Sous le ciel étoilé du théâtre de plein air de Kélibia, les projections se poursuivent à un rythme effréné. Le troisième jour du festival, le public toujours aussi nombreux a eu droit à un menu fourni au niveau de la quantité et moins bon quant à la qualité. Les trois compétitions internationale, nationale et écoles de la soirée n'ont pas révélé grand-chose. On se rend compte que les Tunisiens ont oublié qu'ils ont fait une révolution. Au placard la révolution, un mauvais rêve qu'apparemment nombreux veulent vite oublier.
Les écoles ne font rien de bon. Les deux films présentés dans le cadre de la compétition école sont totalement dépassés par les événements. L'un « La maison de mon père » de Hatem Houria, une fiction de 17 minutes, revient de la manière la plus banale sur l'histoire de la Tunisie à l'époque du protectorat à travers l'histoire d'une maison qu'on veut faire vendre à son propriétaire. Symboliquement, la maison c'est la Tunisie à ne pas vendre sous n'importe quelle condition. Le deuxième « Excusez-moi », fiction de 11 minutes de Mohamed Bassoumi (AAC), se veut un cours d'initiation à la photographie. L'image est floue parfois pas du tout visible, les cadrages hésitants. Un film pas du tout inspiré à la limite décevant.
Les films de la FTCA, programmés dans la section compétition nationale, n'ont pas non plus bonne mine. Les deux documentaires, l'un du club de la Hamma de Gabès « Colporteurs » réalisé par Abdallah El-Fateh Aoun et l'autre « Breeding the fish » d'un cinéaste indépendant de Kébili Aymen Yaacoub sont d'une pauvreté désarmante.

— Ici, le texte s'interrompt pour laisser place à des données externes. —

(* Let $t>0$ and $\beta>1$. Then the function $h\mapsto\tilde l(t,\beta,h)$ is strictly convex and monotone decreasing on $(0,1]$, and \[ \tilde l_h(t,\beta,h)=\sqrt{1-\tilde\sigma^2(t,\beta,h)}+\tilde\sigma(t,\beta,h)-\sqrt2 . \]
   Context: For $t\ge 0$ let $q(t)=\lfloor t+1\rfloor/2$ if $\lfloor t\rfloor$ is odd and $q(t)=t-\lfloor t\rfloor/2$ if $\lfloor t\rfloor$ is even. For $0<h\le1$ let $p(t,h)=t+h-q(t)$. For $\beta>1$ let $\tilde\sigma(t,\beta,h)\in(0,1)$ be the unique solution $\sigma$ of $\frac{p(t,h)\sigma}{\sqrt{1-\sigma^2}}+\frac{q(t)\sigma}{\sqrt{\beta^2-\sigma^2}}=h$, and \[ \tilde l(t,\beta,h)=\frac{p(t,h)}{\sqrt{1-\tilde\sigma^2}}+\frac{\beta^2q(t)}{\sqrt{\beta^2-\tilde\sigma^2}}-t-h\sqrt2,\qquad\tilde\sigma=\tilde\sigma(t,\beta,h); \] $\tilde l_h$ denotes the partial derivative with respect to $h$. *)

theory Defs
  imports "HOL-Analysis.Analysis"
begin

definition qfun :: "real \<Rightarrow> real" where
  "qfun t = (if odd \<lfloor>t\<rfloor> then real_of_int \<lfloor>t + 1\<rfloor> / 2
             else t - real_of_int \<lfloor>t\<rfloor> / 2)"

definition pfun :: "real \<Rightarrow> real \<Rightarrow> real" where
  "pfun t h = t + h - qfun t"

definition sigma_tilde :: "real \<Rightarrow> real \<Rightarrow> real \<Rightarrow> real" where
  "sigma_tilde t \<beta> h = (THE \<sigma>. 0 < \<sigma> \<and> \<sigma> < 1 \<and>
      pfun t h * \<sigma> / sqrt (1 - \<sigma>\<^sup>2) + qfun t * \<sigma> / sqrt (\<beta>\<^sup>2 - \<sigma>\<^sup>2) = h)"

definition l_tilde :: "real \<Rightarrow> real \<Rightarrow> real \<Rightarrow> real" where
  "l_tilde t \<beta> h = (let \<sigma> = sigma_tilde t \<beta> h in
      pfun t h / sqrt (1 - \<sigma>\<^sup>2) + \<beta>\<^sup>2 * qfun t / sqrt (\<beta>\<^sup>2 - \<sigma>\<^sup>2) - t - h * sqrt 2)"

definition strict_convex_on :: "real set \<Rightarrow> (real \<Rightarrow> real) \<Rightarrow> bool" where
  "strict_convex_on S f \<longleftrightarrow> convex S \<and>
    (\<forall>x\<in>S. \<forall>y\<in>S. \<forall>u. x \<noteq> y \<and> 0 < u \<and> u < 1 \<longrightarrow>
       f (u * x + (1 - u) * y) < u * f x + (1 - u) * f y)"

end

theory Submission
  imports Defs
begin

text \<open>For fixed \<open>r \<in> [0,1]\<close> the function
  \<open>psi h r = p(t,h) \<surd>(1 - r\<^sup>2) + q(t) \<surd>(\<beta>\<^sup>2 - r\<^sup>2) + r h - t - h\<surd>2\<close>
  is affine in \<open>h\<close> (since \<open>p(t,h) = t + h - q(t)\<close>) with slope \<open>\<surd>(1 - r\<^sup>2) + r - \<surd>2 \<le> 0\<close>.
  Cauchy--Schwarz in the plane, together with the equation defining \<open>\<sigma>\<close>, shows
  \<open>psi h r \<le> l(h)\<close> with equality exactly for \<open>r = \<sigma>(h)\<close>.  So \<open>l\<close> is the upper envelope of a
  family of nonincreasing lines, the line with parameter \<open>\<sigma>(z)\<close> supporting \<open>l\<close> at \<open>z\<close> only,
  because \<open>\<sigma>\<close> is injective.  This gives strict convexity and monotonicity, and since \<open>\<sigma>\<close> is
  Lipschitz continuous, the slopes of the supporting lines form the derivative.\<close>

lemma qfun_pos_le:
  assumes "0 < t"
  shows "0 < qfun t" and "qfun t \<le> t"
proof -
  have floor: "0 \<le> real_of_int \<lfloor>t\<rfloor>" "real_of_int \<lfloor>t\<rfloor> \<le> t" using assms by auto
  have "0 < qfun t \<and> qfun t \<le> t"
  proof (cases "odd \<lfloor>t\<rfloor>")
    case True
    then have "\<lfloor>t\<rfloor> \<noteq> 0" by auto
    then have "1 \<le> real_of_int \<lfloor>t\<rfloor>" using assms by linarith
    moreover have "2 * qfun t = real_of_int \<lfloor>t\<rfloor> + 1" using True by (simp add: qfun_def)
    ultimately show ?thesis using floor by linarith
  next
    case False
    then have "qfun t = t - real_of_int \<lfloor>t\<rfloor> / 2" by (simp add: qfun_def)
    then show ?thesis using floor assms by linarith
  qed
  then show "0 < qfun t" and "qfun t \<le> t" by auto
qed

A l'heure où les caméras numériques sont capables du meilleur, on constate que chez nos amateurs, elles ne servent vraisemblablement pas à grand-chose. En effet, la sécheresse des idées et de leur développement sous une forme visuelle bat son plein. « Fusion » de Idriss Jemai du Club Culturel Tahar Hadded, sort du lot en se consacrant sur la thématique du rapport de l'œuvre et du récepteur. La fusion put être telle que ce dernier s'incruste aux côtés du portrait féminin de l'œuvre exposée. Le film joue sur l'ambiguïté du réel et de la fiction.
La compétition internationale est meilleure mais ne présente pas une grande originalité. Les films parlent surtout des souffrances des hommes à l'instar du documentaire palestinien « Combien tu étais seul fils de ma mère » d'Ibrahim Nawajha. Un film d'archives en noir et blanc sur la mémoire des Palestiniens dont le combat pour la libération n'est pas prêt de s'achever. Très quelconque sur le plan de la forme mais intéressant comme document pour marquer l'histoire d'un peuple opprimé.
L'idée de la mort traverse « Traces » film tunisien d'Olfa Ben Chaâbane (ESAC). Une jeune fille désespérée veut se suicider. Elle cherche le moyen de le faire en passant de la salle de bains à la cuisine, la chambre à coucher, le salon etc. L'idée de l'enferment et du suicide, on la retrouve dans « Sprachlos » de l'Allemand Adrian Copitzki, un huis-clos illustrant le sort d'un suicidé vivant dans la solitude et l'indifférence. Même sa femme occupée au téléphone ne se rend pas compte de sa mort. Est-ce la fin de l'humanité ? semble s'interroger le réalisateur !
On retrouve l'espoir de la vie dans « Sens » de l'Egyptien Mohamed Ramadan qui lui aussi se déroule en huis-clos ; Une infirmière tente de réveiller un homme du coma en prenant soin de lui. « Love is blind » du Turc Ertug Tufekçioglu est un joli conte d'une femme éprise d'un panneau de signalisation qu'elle prend pour un amoureux mais se rend compte vite qu'il la trompe comme un homme. Même les objets ne sont pas fidèles et sont capables de trahison. Engagement, indépendance et détresse caractérisent cette soirée. En attendant demain.